The timing of the indictment appears to result from the fact the statute of limitations would have expired on Sept. 28, ten years to the day after the final documents were signed indicating the end of the clean-up.
News of the indictment came just one day after Chevron was implicated in a drugs and sex scandal related to the payment of oil royalties to the Department of Interior, and just weeks before Chevron will stand trial in U.S. federal court in San Francisco on charges it violated the human rights of local villagers in Nigeria. The plaintiffs in Ecuador have alleged they have been subjected to death threats and a series of robberies.

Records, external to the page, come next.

text \<open>The MLE fails only if some balanced assignment inducing another partition is at least as
likely as the truth. Up to relabelling, such an assignment moves \<open>k\<close> vertices of each community
into the other one, where \<open>1 \<le> k \<le> n/2\<close>, and there are \<open>(n choose k)\<^sup>2 \<le> exp (2k (log (n/k) + 1))\<close>
choices. Moving a set \<open>X\<close> of vertices changes the law of exactly the pairs cut by \<open>X\<close>, of which
there are at least \<open>|X| (2n - |X|)\<close>. Bounding the indicator of a non-decreasing likelihood ratio
by its square root (a Chernoff bound of order 1/2) and integrating against the independent weights
gives probability at most \<open>B\<^bsup>|X| (2n - |X|)\<^esup>\<close>, where \<open>B = \<integral> \<surd>(p q) = exp (-I/2)\<close>. The union bound
over all \<open>k\<close> and all choices of moved vertices finishes the proof.\<close>

lemma power_div_fact_le_exp:
  fixes x :: real assumes "0 \<le> x" shows "x ^ k / fact k \<le> exp x"
proof -
  have s: "(\<lambda>n. x^n /\<^sub>R fact n) sums exp x" by (rule exp_converges)
  have nn: "\<And>n. 0 \<le> x^n /\<^sub>R fact n" using assms by simp
  have "x ^ k / fact k = x^k /\<^sub>R fact k" by (simp add: divide_inverse_commute)
  also have "\<dots> \<le> (\<Sum>n<Suc k. x^n /\<^sub>R fact n)"
    by (rule member_le_sum) (use nn in auto)
  also have "\<dots> \<le> (\<Sum>n. x^n /\<^sub>R fact n)"
    by (rule sum_le_suminf[OF sums_summable[OF s]]) (use nn in auto)
  finally show ?thesis using sums_unique[OF s] by simp
qed

lemma binomial_le_exp:
  assumes "1 \<le> k" "k \<le> n"
  shows "real (n choose k) \<le> exp (real k * (ln (real n / real k) + 1))"
proof -
  have k: "real k > 0" and n: "real n > 0" using assms by simp_all
  have "real (n choose k) * fact k \<le> real n ^ k"
    using binomial_fact_pow[of n k] by (metis of_nat_fact of_nat_le_iff of_nat_mult of_nat_power)
  moreover have "real k ^ k \<le> exp (real k) * fact k"
    using power_div_fact_le_exp[of "real k" k] by (simp add: divide_le_eq)
  ultimately have "real (n choose k) * real k ^ k \<le> exp (real k) * real n ^ k"
    by (smt (verit, best) mult.left_commute mult_left_mono of_nat_0_le_iff exp_gt_zero)
  then have "real (n choose k) \<le> exp (real k) * (real n / real k) ^ k"
    using k by (simp add: power_divide field_simps)
  also have "\<dots> = exp (real k * (ln (real n / real k) + 1))"
    using k n by (simp add: exp_add exp_of_nat_mult distrib_left mult.commute)
  finally show ?thesis .
qed

lemma power_le_exp_mult_ln:
  fixes b :: real assumes "0 \<le> b" shows "b ^ m \<le> exp (real m * ln b)"
proof (cases "b = 0")
  case False
  then show ?thesis using assms by (simp add: exp_of_nat_mult)
qed (cases m, simp_all)

lemma mult_sqrt_divide:
  fixes a b :: real assumes "0 \<le> a" shows "a * sqrt (b / a) = sqrt (a * b)"
proof (cases "a = 0")
  case False
  have "sqrt (a * b) = sqrt (a\<^sup>2 * (b / a))" using False by (simp add: power2_eq_square)
  also have "\<dots> = sqrt (a\<^sup>2) * sqrt (b / a)" by (rule real_sqrt_mult)
  also have "\<dots> = a * sqrt (b / a)" using assms by simp
  finally show ?thesis by simp
qed simp

lemma one_le_prod_sqrt_ratio:
  fixes a b :: "'i \<Rightarrow> real"
  assumes "\<And>i. i \<in> I \<Longrightarrow> 0 < a i" "\<And>i. i \<in> I \<Longrightarrow> 0 \<le> b i" "prod a I \<le> prod b I"
  shows "1 \<le> (\<Prod>i\<in>I. sqrt (b i / a i))"
proof -
  have ratio: "0 \<le> b i / a i" if "i \<in> I" for i
    using assms(2)[OF that] assms(1)[OF that] by (rule divide_nonneg_pos)
  have "(\<Prod>i\<in>I. sqrt (b i / a i))\<^sup>2 = (\<Prod>i\<in>I. (sqrt (b i / a i))\<^sup>2)"
    by (rule prod_power_distrib)
  also have "\<dots> = (\<Prod>i\<in>I. b i / a i)"
    using ratio by (intro prod.cong) simp_all
  also have "\<dots> = prod b I / prod a I" by (rule prod_dividef)
  also have "\<dots> \<ge> 1"
    using prod_pos[of I a] assms(1,3) by simp
  finally have "1\<^sup>2 \<le> (\<Prod>i\<in>I. sqrt (b i / a i))\<^sup>2" by simp
  moreover have "0 \<le> (\<Prod>i\<in>I. sqrt (b i / a i))"
    using ratio by (intro prod_nonneg) simp
  ultimately show ?thesis by (rule power2_le_imp_le)
qed

definition bhattacharyya :: "'a measure \<Rightarrow> ('a \<Rightarrow> real) \<Rightarrow> ('a \<Rightarrow> real) \<Rightarrow> ennreal" where
  "bhattacharyya \<mu> p q = (\<integral>\<^sup>+x. ennreal (sqrt (p x * q x)) \<partial>\<mu>)"

lemma bhattacharyya_commute: "bhattacharyya \<mu> p q = bhattacharyya \<mu> q p"
  unfolding bhattacharyya_def by (simp only: mult.commute)

lemma bhattacharyya_self:
  assumes "is_density \<mu> p" shows "bhattacharyya \<mu> p p = 1"
proof -
  have "bhattacharyya \<mu> p p = (\<integral>\<^sup>+x. ennreal (p x) \<partial>\<mu>)"
    unfolding bhattacharyya_def
  proof (rule nn_integral_cong)
    fix x assume "x \<in> space \<mu>"
    then have "0 \<le> p x" using assms by (simp add: is_density_def)
    then show "ennreal (sqrt (p x * p x)) = ennreal (p x)" by simp
  qed
  then show ?thesis using assms by (simp add: is_density_def)
qed

lemma bhattacharyya_le_1:
  assumes p: "is_density \<mu> p" and q: "is_density \<mu> q"
  shows "bhattacharyya \<mu> p q \<le> 1"
proof -
  have "bhattacharyya \<mu> p q \<le> (\<integral>\<^sup>+x. ennreal (1/2) * ennreal (p x) + ennreal (1/2) * ennreal (q x) \<partial>\<mu>)"
    unfolding bhattacharyya_def
  proof (rule nn_integral_mono)
    fix x assume "x \<in> space \<mu>"
    then have px: "0 \<le> p x" and qx: "0 \<le> q x" using p q by (auto simp: is_density_def)
    then have "sqrt (p x * q x) \<le> 1/2 * p x + 1/2 * q x"
      using arith_geo_mean_sqrt[OF px qx] by simp
    then have "ennreal (sqrt (p x * q x)) \<le> ennreal (1/2 * p x + 1/2 * q x)"
      by (rule ennreal_leI)
    also have "\<dots> = ennreal (1/2 * p x) + ennreal (1/2 * q x)"
      using px qx by (intro ennreal_plus) auto
    also have "\<dots> = ennreal (1/2) * ennreal (p x) + ennreal (1/2) * ennreal (q x)"
      using px qx by (subst (1 2) ennreal_mult) auto
    finally show "ennreal (sqrt (p x * q x)) \<le> ennreal (1/2) * ennreal (p x) + ennreal (1/2) * ennreal (q x)" .
  qed
  also have "\<dots> = ennreal (1/2) + ennreal (1/2)"
    using p q unfolding is_density_def by (subst nn_integral_add) (auto simp: nn_integral_cmult)
  also have "\<dots> = 1" by (subst ennreal_plus[symmetric]) auto
  finally show ?thesis .
qed

lemma renyi_half_eq_bhattacharyya:
  assumes "is_density \<mu> p" "is_density \<mu> q"
  shows "renyi_half \<mu> p q = - 2 * ln (enn2real (bhattacharyya \<mu> p q))"
  using assms unfolding renyi_half_def bhattacharyya_def is_density_def
  by (subst integral_eq_nn_integral) auto

lemma prob_space_density_is_density:
  assumes "is_density \<mu> p" shows "prob_space (density \<mu> (\<lambda>x. ennreal (p x)))"
proof (rule prob_spaceI)
  have "emeasure (density \<mu> (\<lambda>x. ennreal (p x))) (space \<mu>) = (\<integral>\<^sup>+x. ennreal (p x) \<partial>\<mu>)"
    using assms by (subst emeasure_density) (auto simp: is_density_def intro!: nn_integral_cong)
  then show "emeasure (density \<mu> (\<lambda>x. ennreal (p x))) (space (density \<mu> (\<lambda>x. ennreal (p x)))) = 1"
    using assms by (simp add: is_density_def)
qed

lemma sets_product_likelihood_le:
  fixes f g :: "'i \<Rightarrow> 'a \<Rightarrow> real"
  assumes "\<And>i. i \<in> I \<Longrightarrow> f i \<in> borel_measurable (M i)"
    and "\<And>i. i \<in> I \<Longrightarrow> g i \<in> borel_measurable (M i)"
  shows "{w \<in> space (Pi\<^sub>M I M). (\<Prod>i\<in>I. f i (w i)) \<le> (\<Prod>i\<in>I. g i (w i))} \<in> sets (Pi\<^sub>M I M)"
proof -
  have "(\<lambda>w. f i (w i)) \<in> borel_measurable (Pi\<^sub>M I M)" "(\<lambda>w. g i (w i)) \<in> borel_measurable (Pi\<^sub>M I M)"
    if "i \<in> I" for i
    using assms[OF that] by (auto intro: measurable_compose[OF measurable_component_singleton[OF that]])
  then show ?thesis by (intro borel_measurable_le borel_measurable_prod) auto
qed

lemma AE_PiM_density_pos:
  assumes I: "finite I" and f: "\<And>i. is_density \<mu> (f i)"
  shows "AE w in \<Pi>\<^sub>M i\<in>I. density \<mu> (\<lambda>x. ennreal (f i x)). \<forall>i\<in>I. 0 < f i (w i)"
proof (rule AE_finite_allI[OF I])
  fix i assume "i \<in> I"
  have [measurable]: "f i \<in> borel_measurable \<mu>" using f[of i] by (simp add: is_density_def)
  have "AE x in density \<mu> (\<lambda>x. ennreal (f i x)). 0 < f i x" by (subst AE_density) auto
  then show "AE w in \<Pi>\<^sub>M i\<in>I. density \<mu> (\<lambda>x. ennreal (f i x)). 0 < f i (w i)"
    by (rule AE_PiM_component[OF prob_space_density_is_density[OF f] \<open>i \<in> I\<close>])
qed

lemma nn_integral_density_sqrt_ratio:
  assumes f: "is_density \<mu> f" and g: "g \<in> borel_measurable \<mu>" "\<And>x. x \<in> space \<mu> \<Longrightarrow> 0 \<le> g x"
  shows "(\<integral>\<^sup>+x. ennreal (sqrt (g x / f x)) \<partial>density \<mu> (\<lambda>x. ennreal (f x))) = bhattacharyya \<mu> f g"
proof -
  have f_meas: "f \<in> borel_measurable \<mu>" and f_nonneg: "\<And>x. x \<in> space \<mu> \<Longrightarrow> 0 \<le> f x"
    using f by (auto simp: is_density_def)
  have "(\<integral>\<^sup>+x. ennreal (sqrt (g x / f x)) \<partial>density \<mu> (\<lambda>x. ennreal (f x)))
        = (\<integral>\<^sup>+x. ennreal (f x) * ennreal (sqrt (g x / f x)) \<partial>\<mu>)"
    using f_meas g by (intro nn_integral_density) auto
  also have "\<dots> = bhattacharyya \<mu> f g"
    unfolding bhattacharyya_def using f_nonneg g(2)
    by (intro nn_integral_cong) (simp add: ennreal_mult[symmetric] mult_sqrt_divide)
  finally show ?thesis .
qed

text \<open>A Chernoff bound of order 1/2: on the event, the square root of the likelihood ratio is at
least 1, and its expectation factorises over the independent coordinates.\<close>

lemma emeasure_product_likelihood_le:
  fixes f g :: "'i \<Rightarrow> 'a \<Rightarrow> real"
  assumes I: "finite I"
    and f: "\<And>i. is_density \<mu> (f i)"
    and g_meas: "\<And>i. i \<in> I \<Longrightarrow> g i \<in> borel_measurable \<mu>"
    and g_nonneg: "\<And>i x. i \<in> I \<Longrightarrow> x \<in> space \<mu> \<Longrightarrow> 0 \<le> g i x"
  defines "M \<equiv> \<Pi>\<^sub>M i\<in>I. density \<mu> (\<lambda>x. ennreal (f i x))"
  shows "emeasure M {w \<in> space M. (\<Prod>i\<in>I. f i (w i)) \<le> (\<Prod>i\<in>I. g i (w i))}
           \<le> (\<Prod>i\<in>I. bhattacharyya \<mu> (f i) (g i))"
proof -
  let ?E = "{w \<in> space M. (\<Prod>i\<in>I. f i (w i)) \<le> (\<Prod>i\<in>I. g i (w i))}"
  define h where "h i x = sqrt (g i x / f i x)" for i x
  have f_meas: "f i \<in> borel_measurable \<mu>" and f_nonneg: "x \<in> space \<mu> \<Longrightarrow> 0 \<le> f i x" for i x
    using f[of i] by (auto simp: is_density_def)
  have space: "w i \<in> space \<mu>" if "w \<in> space M" "i \<in> I" for w i
    using that by (auto simp: M_def space_PiM PiE_iff)
  have h_nonneg: "0 \<le> h i x" if "i \<in> I" "x \<in> space \<mu>" for i x
    using f_nonneg[OF that(2)] g_nonneg[OF that] by (simp add: h_def)
  interpret product_prob_space "\<lambda>i. density \<mu> (\<lambda>x. ennreal (f i x))" I
    unfolding product_prob_space_def product_prob_space_axioms_def product_sigma_finite_def
    using prob_space_density_is_density[OF f] prob_space_imp_sigma_finite by blast
  have "AE w in M. \<forall>i\<in>I. 0 < f i (w i)"
    unfolding M_def by (rule AE_PiM_density_pos[of I \<mu> f, OF I f])
  then have ratio_bound: "AE w in M. indicator ?E w \<le> (\<Prod>i\<in>I. ennreal (h i (w i)))"
    using AE_space
  proof eventually_elim
    case (elim w)
    show ?case
    proof (cases "w \<in> ?E")
      case True
      then have "1 \<le> (\<Prod>i\<in>I. h i (w i))"
        unfolding h_def using elim by (intro one_le_prod_sqrt_ratio) (auto intro: g_nonneg space)
      then show ?thesis
        using True elim by (simp add: prod_ennreal h_nonneg space)
    qed simp
  qed
  have "?E \<in> sets M"
    unfolding M_def using f_meas g_meas by (intro sets_product_likelihood_le) auto
  then have "emeasure M ?E = (\<integral>\<^sup>+w. indicator ?E w \<partial>M)" by simp
  also have "\<dots> \<le> (\<integral>\<^sup>+w. (\<Prod>i\<in>I. ennreal (h i (w i))) \<partial>M)"
    by (rule nn_integral_mono_AE[OF ratio_bound])
  also have "\<dots> = (\<Prod>i\<in>I. \<integral>\<^sup>+x. ennreal (h i x) \<partial>density \<mu> (\<lambda>x. ennreal (f i x)))"
    unfolding M_def using I f_meas g_meas by (intro product_nn_integral_prod) (auto simp: h_def)
  also have "\<dots> = (\<Prod>i\<in>I. bhattacharyya \<mu> (f i) (g i))"
    unfolding h_def using f g_meas g_nonneg by (intro prod.cong refl nn_integral_density_sqrt_ratio) auto
  finally show ?thesis .
qed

The civil lawsuit alleges Chevron dumped 18.5 billion gallons of toxic waste water into Amazon waterways and abandoned hundreds of unlined waste pits gouged out of the jungle floor, causing a spike in cancer rates and forcing five indigenous groups to abandon most of their ancestral land. As the exclusive operator of a large oil concession, Texaco extracted 1.3 billion barrels of oil from the country between 1964 and 1990.